I recalled Ray’s “Laws” and “Theories” while dissecting last Friday’s employment report. The median estimate was for non-farm payrolls to increase by 180,000 jobs. One savvy pundit was even looking for an increase of 239,000 jobs. At 8:30 a.m. the number was reported at a shocking 20,000, and stocks sunk. As our economist, Scott Brown Ph.D., writes:

“Weather! Mild weather appears to have boosted the January payroll figure, while poor weather depressed the February figure. The household survey tracks weather effects (worst since the snowstorms of 2014). Although the household data are not directly comparable to the establishment survey data, weather likely had an impact on payrolls and hours (including manufacturing). So get a grip, people. The partial government shutdown boosted the unemployment rate in January, so the drop in February is a correction. Wage growth picked up – one shouldn’t worry about any particular month, but the trend is higher. A low unemployment rate and rising wage pressures ought to be a concern for the Fed, but the recent Beige Book noted that firms are seeing a mixed ability to pass higher costs along. There may be a knee-jerk reaction to the “disappointing” payroll figure, but this is a weather story, and the report doesn’t tell us much. Equity futures were lower ahead of this report, reflecting disappointing Chinese export data (due partly to the timing of the Chinese New Year) and reports (WSJ, FT) casting doubt on US/China trade negotiations.

 

Heads Up: Fed Chairman Jerome Powell speaks at the 2019 Stanford Institute for Economic Policy Research (SIEPR) Economic Summit, Stanford, California (Facebook link: http://facebook.com/SIEPR/). Powell will also sit down for a 60 Minutes interview on Sunday.”

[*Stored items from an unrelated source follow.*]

(* Let $R$ be a ring, $M$ an $R$-module and $\theta$ an infinite cardinal. Then $\mathrm{Aff}_2\subseteq\mathrm{Aff}_1$.
   Context: All formulas are from $\mathscr{L}_{\infty,\theta}(\tau_M)$ with fewer than $\theta$ free variables. For $\varphi(\bar x,\bar y)$ and $\bar a\in{}^{\lg(\bar y)}M$, $\varphi(M,\bar a)=\{\bar c: M\models\varphi[\bar c,\bar a]\}$. $\mathrm{Aff}_1$ is the set of formulas $\varphi(\bar x)$ with $\lg(\bar x)<\theta$ such that $\varphi(M)$ is closed under $(\bar a,\bar b,\bar c)\mapsto\bar a-\bar b+\bar c$ (coordinatewise). For an ordinal $\alpha_*$, formulas $\varphi(\bar x,\bar y)$ and $\bar\psi=\langle\psi_\alpha(\bar x,\bar y):\alpha<\alpha_*\rangle$, and $\bar b\in{}^{\lg\bar x}M$, $\bar a\in{}^{\lg\bar y}M$, let $\mathrm{set}_{\bar\psi}(\bar b,\bar a)=\{\alpha<\alpha_*:\bar b^\frown\bar a\in\psi_\alpha(M)\}$; $\mathrm{Set}_{\varphi,\bar\psi}(\bar a)=\{\mathrm{set}_{\bar\psi}(\bar c,\bar a):\bar c\in\varphi(M,\bar a)\}$; and $\mathrm{inter}_{\varphi,\bar\psi}(\bar a)$ is the set of pairs $(w_0,w_1)$ with $w_0\subseteq w_1\subseteq\alpha_*$ such that there are $u_0,u_1\in\mathrm{Set}_{\varphi,\bar\psi}(\bar a)$ with $w_1\subseteq u_1$ and $u_0\cap w_1=w_0$. $\mathrm{Aff}_2$ is the smallest class of formulas containing the atomic formulas and closed under: (a) arbitrary conjunctions; (b) existential quantification $\exists\bar x$; (c) if $\varphi(\bar x,\bar y)$ and $\psi_\alpha(\bar x,\bar y)$ ($\alpha<\alpha_*$) are in $\mathrm{Aff}_2$ with $\psi_\alpha(M)\subseteq\varphi(M)$ for all $\alpha<\alpha_*$, and $\Upsilon\subseteq\{(w_0,w_1):w_0\subseteq w_1\subseteq\alpha_*\}$, then the formula $\vartheta(\bar y)=\Theta_{\varphi,\bar\psi,\Upsilon}(\bar y)$ is in $\mathrm{Aff}_2$, where $M\models\vartheta[\bar a]$ iff $\Upsilon\subseteq\mathrm{inter}_{\varphi,\bar\psi}(\bar a)$. *)

theory Defs
  imports Main
begin

definition left_module :: "('r::ring_1 \<Rightarrow> 'm::ab_group_add \<Rightarrow> 'm) \<Rightarrow> bool" where
  "left_module sc \<longleftrightarrow>
     (\<forall>r x y. sc r (x + y) = sc r x + sc r y) \<and>
     (\<forall>r s x. sc (r + s) x = sc r x + sc s x) \<and>
     (\<forall>r s x. sc (r * s) x = sc r (sc s x)) \<and>
     (\<forall>x. sc 1 x = x)"

text \<open>Cardinal comparison: |X| < theta, where theta = |Th|.\<close>
definition less_card :: "'v set \<Rightarrow> 'c set \<Rightarrow> bool" where
  "less_card X Th \<longleftrightarrow> (card_of X, card_of Th) \<in> ordLess"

As readers know, I have not paid much attention to the recent economic reports, due to the government shutdown, and do not think the economic reports will be a true reflection of the economy until either April or May. As a sidebar, I would note this number will probably be revised in the months ahead.

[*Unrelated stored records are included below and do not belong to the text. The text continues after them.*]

lemma signed_orbit_return:
  fixes \<sigma> :: "int \<Rightarrow> int"
  assumes inj: "inj \<sigma>" and odd: "\<And>x. \<sigma> (- x) = - \<sigma> x"
    and "finite X" "\<sigma> ` X \<subseteq> X" "a \<in> X"
  obtains l where "0 < l" "(\<sigma> ^^ l) a \<in> {a, - a}"
    "\<And>i j. i < l \<Longrightarrow> j < l \<Longrightarrow> \<bar>(\<sigma> ^^ i) a\<bar> = \<bar>(\<sigma> ^^ j) a\<bar> \<Longrightarrow> i = j"
proof -
  let ?R = "\<lambda>k. 0 < k \<and> (\<sigma> ^^ k) a \<in> {a, - a}"
  define l where "l = (LEAST k. ?R k)"
  have "\<exists>k. ?R k" using inj_finite_invariant_funpow_return[OF inj assms(3-5)] by auto
  then have l: "?R l" unfolding l_def by (rule LeastI_ex)
  have first: "\<not> ?R k" if "k < l" for k using not_less_Least[of k ?R] that by (simp add: l_def)
  have "i = j" if ij: "i < j" "j < l" "\<bar>(\<sigma> ^^ i) a\<bar> = \<bar>(\<sigma> ^^ j) a\<bar>" for i j
  proof -
    define b where "b = (\<sigma> ^^ (j - i)) a"
    have "(\<sigma> ^^ j) a = (\<sigma> ^^ i) b"
      using ij unfolding b_def by (metis funpow_add le_add_diff_inverse less_imp_le o_apply)
    with ij(3) have "(\<sigma> ^^ i) a = (\<sigma> ^^ i) b \<or> (\<sigma> ^^ i) a = (\<sigma> ^^ i) (- b)"
      unfolding funpow_uminus[of \<sigma>, OF odd] by arith
    then have "a = b \<or> a = - b" using inj_fn[OF inj, of i] by (auto dest: injD)
    then have "?R (j - i)" using ij(1) by (auto simp: b_def)
    moreover have "j - i < l" using ij by simp
    ultimately show ?thesis using first by blast
  qed
  then have "i = j" if "i < l" "j < l" "\<bar>(\<sigma> ^^ i) a\<bar> = \<bar>(\<sigma> ^^ j) a\<bar>" for i j
    using that by (metis linorder_neqE_nat)
  then show ?thesis using that l by blast
qed

(* Rescaling the basis along a cycle by w turns the coefficients m i into m i * w (Suc i) / w i.
   Only their product is invariant; closing the cycle needs w l = w 0 (return to a),
   resp. w l = 1 / w 0 (return to -a). *)
lemma cycle_scaling_plus:
  fixes m :: "nat \<Rightarrow> complex"
  assumes "0 < l" "\<forall>i<l. m i \<noteq> 0"
  obtains k w where "k \<noteq> 0" "\<forall>i\<le>l. w i \<noteq> 0" "\<forall>i<l. m i * w (Suc i) = k * w i" "w l = w 0"
proof -
  define \<Pi> where "\<Pi> i = (\<Prod>j<i. m j)" for i
  have \<Pi>: "\<Pi> i \<noteq> 0" if "i \<le> l" for i using assms(2) that by (simp add: \<Pi>_def)
  obtain k where k: "k ^ l = \<Pi> l" using nth_root_exists[OF assms(1)] by blast
  then have "k \<noteq> 0" using \<Pi>[of l] assms(1) by (auto simp: zero_power)
  define w where "w i = k ^ i / \<Pi> i" for i
  have "\<forall>i\<le>l. w i \<noteq> 0" using \<open>k \<noteq> 0\<close> \<Pi> by (simp add: w_def)
  moreover have "\<forall>i<l. m i * w (Suc i) = k * w i"
    using \<Pi> assms(2) by (simp add: w_def \<Pi>_def field_simps)
  moreover have "w l = w 0" using k \<Pi>[of l] by (simp add: w_def \<Pi>_def)
  ultimately show ?thesis using that \<open>k \<noteq> 0\<close> by blast
qed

Clearly, the stock market was surprised by the employment numbers as the D-J Industrials (INDU/25450.24) fell over 200 points, but then a funny thing happened – stocks stabilized and began to lift. By the closing bell, the senior index was off by a mere 23 points. Maybe that is why my indicators have remained constructive despite some of the recent market gyrations. Indeed, despite last week’s swings, the Industrials remain above their 200-day moving average of 25127.99. For the week, the S&P 500 (SPX/2743.07) lost ~2.16% and remains below its 200-DMA (@2750.86), while the Russell 2000 (RUT/1521.88) decline by roughly 5.2% from intraday highs to intraday lows on the week and likewise is still below it 200-DMA of 1585.60. Of interest is the “smart money” versus “dumb money” indicator. Recall that “dumb money” tends to buy in the first half hour of trading, while “smart money” buys in the last half hour of trading. According to Bespoke:

“In chart one [page 3] we show the performance of the last half hour intraday relative to the first half hour intraday in our Smart/Dumb Money index. As shown, that index started to rocket higher into the 2015/2016 bottoms and was a big tell in the peaking of equities during 2018. While not exactly ‘en fuego’, the outperformance of the ‘smart’ money trading at the end of the day versus the “dumb” money at the end of the day has been pretty strong since mid-December. That suggests the current downtick isn’t likely to extend significantly. [Also] on a combined basis, there’s no evidence that the current rally is seeing large inflows from non-institutional buyers, which is the same message (in a different form) as the “smart” money index, and gives more confidence that strong hands have been buying the market over the course of the recent rally (chart 2, page 3).”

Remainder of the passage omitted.